Now copy the tar.gz file to a few drives off the server as well.

Make USB install Centos 7.3 min and do the install :)

Install done. I see all 9 drives and 4 network connections. I setup all the NICs during the install and they all seem to be ok
Possibily some tweeking on these later.

I installed the OS on my SSD with 1GB /boot and /boot/efi (I am using EFI). The rest to /

My other 8 drives are on my Supermicro AOC-SAS2LP-MV8 JBOD HBA. I will not touch those untill I get ready to setup btrfs on them.

So now some base stuff

cp /etc/sysconfig/selinux /etc/sysconfig/selinux.bak
sed -i 's/^SELINUX=.*/SELINUX=disabled/g' /etc/sysconfig/selinux

cp /etc/selinux/config /etc/selinux/config.bak
sed -i 's/^SELINUX=.*/SELINUX=disabled/g' /etc/selinux/config

systemctl disable firewalld
systemctl stop firewalld

service iptables stop
service ip6tables stop
chkconfig iptables off
chkconfig ip6tables off

yum -y install bind-utils traceroute net-tools ntp* gcc glibc glibc-common gd gd-devel make net-snmp openssl-devel xinetd unzip libtool* make patch perl bison flex-devel gcc-c++ ncurses-devel flex libtermcap-devel autoconf* automake* autoconf libxml2-devel cmake sqlite* wget ntp* lm_sensors ncurses-devel qt-devel hmaccalc zlib-devel binutils-devel elfutils-libelf-devel wget bc gzip uuid* libuuid-devel jansson* libxml2* sqlite* openssl* lsof NetworkManager-tui mlocate yum-utils kernel-devel nfs-utils tcpdump git vim gdisk parted

yum -y groupinstall "Development Tools"
yum -y update
yum -y upgrade

cd /root
echo ':color desert' > .vimrc

systemctl disable kdump.service

reboot

# cat /etc/default/grub
GRUB_TIMEOUT=60
GRUB_DISTRIBUTOR="$(sed 's, release .*$,,g' /etc/system-release)"
GRUB_DEFAULT=saved
GRUB_DISABLE_SUBMENU=true
GRUB_TERMINAL_OUTPUT="console"
GRUB_CMDLINE_LINUX="crashkernel=auto rd.lvm.lv=cl_bcache/root ipv6.disable=1 zswap.enable=1 consoleblank=0"
GRUB_DISABLE_RECOVERY="true"

Make changes as refelected about to
GRUB_CMDLINE_LINUX="crashkernel=auto rd.lvm.lv=cl_bcache/root ipv6.disable=1 zswap.enable=1 consoleblank=0"

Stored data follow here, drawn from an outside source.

(* Let $\alpha>2$, $\ell>\alpha$ an integer, $L>\ell$ an integer, and let $b^e$ and the constants $c_1,\dots,c_\ell$ be as defined in the context (set $c_i=0$ for $i>\ell$). Let $b=(b_1,\dots,b_L)$ be a solution on an interval of $s>0$ of $b_{i,s}=-(i-\alpha)b_1b_i+b_{i+1}$ ($1\le i\le L-1$), $b_{L,s}=-(L-\alpha)b_1b_L$, and write $b_k(s)=b^e_k(s)+U_k(s)/s^k$, $U=(U_1,\dots,U_L)$, $U_{L+1}:=0$. Then for $1\le k\le L$, $$U_{k,s}=\frac1s\Big[\frac{\alpha(\ell-k)}{\ell-\alpha}U_k-(k-\alpha)c_kU_1+U_{k+1}\Big]-\frac{(k-\alpha)U_1U_k}{s},$$ i.e. $U_s=\frac1sA_\ell U+O(|U|^2/s)$ where $A_\ell$ is the $L\times L$ matrix with entries $(A_\ell)_{k,k}=\frac{\alpha(\ell-k)}{\ell-\alpha}$ for $k\ge2$, $(A_\ell)_{1,1}=\frac{\alpha(\ell-1)}{\ell-\alpha}-(1-\alpha)c_1$, $(A_\ell)_{k,1}=-(k-\alpha)c_k$ for $2\le k\le\ell$, $(A_\ell)_{k,k+1}=1$ for $1\le k\le L-1$, and all other entries $0$. Moreover: $(A_\ell)_{k,j}=0$ whenever $k>\ell\ge j$; the upper-left $\ell\times\ell$ block $A'_\ell$ of $A_\ell$ has characteristic polynomial $\det(A'_\ell-X\,\mathrm{Id})=(X+1)\prod_{i=2}^{\ell}\big(\frac{i\alpha}{\ell-\alpha}-X\big)$, hence is diagonalizable with the distinct eigenvalues $-1,\frac{2\alpha}{\ell-\alpha},\dots,\frac{\ell\alpha}{\ell-\alpha}$; and the lower-right $(L-\ell)\times(L-\ell)$ block is upper triangular with diagonal entries $-\frac{(k-\ell)\alpha}{\ell-\alpha}$, $\ell+1\le k\le L$. Consequently the eigenvalues of $A_\ell$ are $-1,\frac{2\alpha}{\ell-\alpha},\dots,\frac{\ell\alpha}{\ell-\alpha}$ and $-\frac{\alpha}{\ell-\alpha},\dots,-\frac{(L-\ell)\alpha}{\ell-\alpha}$, and the eigenvectors for $-1,\frac{2\alpha}{\ell-\alpha},\dots,\frac{\ell\alpha}{\ell-\alpha}$ only involve the first $\ell$ coordinates.
   Context: $c_1=\frac{\ell}{\ell-\alpha}$, $c_{i+1}=-\frac{\alpha(\ell-i)}{\ell-\alpha}c_i$ for $1\le i\le\ell-1$; $b^e_i(s)=c_i/s^i$ for $1\le i\le\ell$ and $b^e_i\equiv0$ for $\ell<i\le L$ (this $b^e$ solves the same system). Subscript $s$ denotes $d/ds$. *)

theory Defs
  imports "HOL-Analysis.Analysis" "Jordan_Normal_Form.Jordan_Normal_Form"
begin

fun cc :: "real \<Rightarrow> nat \<Rightarrow> nat \<Rightarrow> real" where
  "cc a l 0 = 0"
| "cc a l (Suc i) =
     (if i = 0 then real l / (real l - a)
      else if Suc i \<le> l then - (a * (real l - real i) / (real l - a)) * cc a l i
      else 0)"

definition be :: "real \<Rightarrow> nat \<Rightarrow> nat \<Rightarrow> real \<Rightarrow> real" where
  "be a l i s = (if 1 \<le> i \<and> i \<le> l then cc a l i / s ^ i else 0)"

text \<open>Entries of the matrix A_l, in the paper's 1-based indexing (k = row, j = column).\<close>
definition A_entry :: "real \<Rightarrow> nat \<Rightarrow> nat \<Rightarrow> nat \<Rightarrow> real" where
  "A_entry a l k j =
     (if k = 1 \<and> j = 1 then a * (real l - 1) / (real l - a) - (1 - a) * cc a l 1
      else if k = j then a * (real l - real k) / (real l - a)
      else if j = 1 \<and> 2 \<le> k \<and> k \<le> l then - (real k - a) * cc a l k
      else if j = k + 1 then 1
      else 0)"

text \<open>The L x L matrix A_l (Jordan_Normal_Form matrices are 0-indexed:
  entry (k-1, j-1) is the paper's (A_l)_{k,j}).\<close>
definition A_mat :: "real \<Rightarrow> nat \<Rightarrow> nat \<Rightarrow> real mat" where
  "A_mat a l L = mat L L (\<lambda>(i, j). A_entry a l (i + 1) (j + 1))"

definition UL_block :: "real mat \<Rightarrow> nat \<Rightarrow> real mat" where
  "UL_block A l = mat l l (\<lambda>(i, j). A $$ (i, j))"

definition LR_block :: "real mat \<Rightarrow> nat \<Rightarrow> nat \<Rightarrow> real mat" where
  "LR_block A l L = mat (L - l) (L - l) (\<lambda>(i, j). A $$ (i + l, j + l))"

definition diagonalizable_mat :: "real mat \<Rightarrow> bool" where
  "diagonalizable_mat A = (\<exists>D. diagonal_mat D \<and> similar_mat A D)"

end

theory Submission
  imports Defs "Jordan_Normal_Form.Jordan_Normal_Form_Existence"
begin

# grub2-mkconfig -o /boot/grub2/grub.cfg
or if using UEFI
# grub2-mkconfig -o /boot/efi/EFI/centos/grub.cfg

reboot

Now update kerenel

rpm --import https://www.elrepo.org/RPM-GPG-KEY-elrepo.org
rpm -Uvh http://www.elrepo.org/elrepo-release-7.0-2.el7.elrepo.noarch.rpm
yum install yum-plugin-fastestmirror

yum --enablerepo=elrepo-kernel install kernel-ml

reboot

Manualy select new kernel from grub boot screen.

uname -r
4.10.1-1.el7.elrepo.x86_64

Do any testing you need and when happy set this to default entry when happy.

grub2-set-default 0

reboot

uname -r
4.10.1-1.el7.elrepo.x86_64

Now time to physicaly replace drive then setup btrfs.

poweroff

New drive in and server rebooted

parted -l

shows all drives. 7x WD RED NAS drives show still brtfs partitions. New drive has nothing.

idle3ctl show new drive has head parking on. lets turn that off.

# ./idle3ctl /dev/sde
Idle3 timer set to 138 (0x8a)

# ./idle3ctl -d /dev/sde
Idle3 timer disabled
Please power cycle your drive off and on for the new setting to be taken into account. A reboot will not be enough!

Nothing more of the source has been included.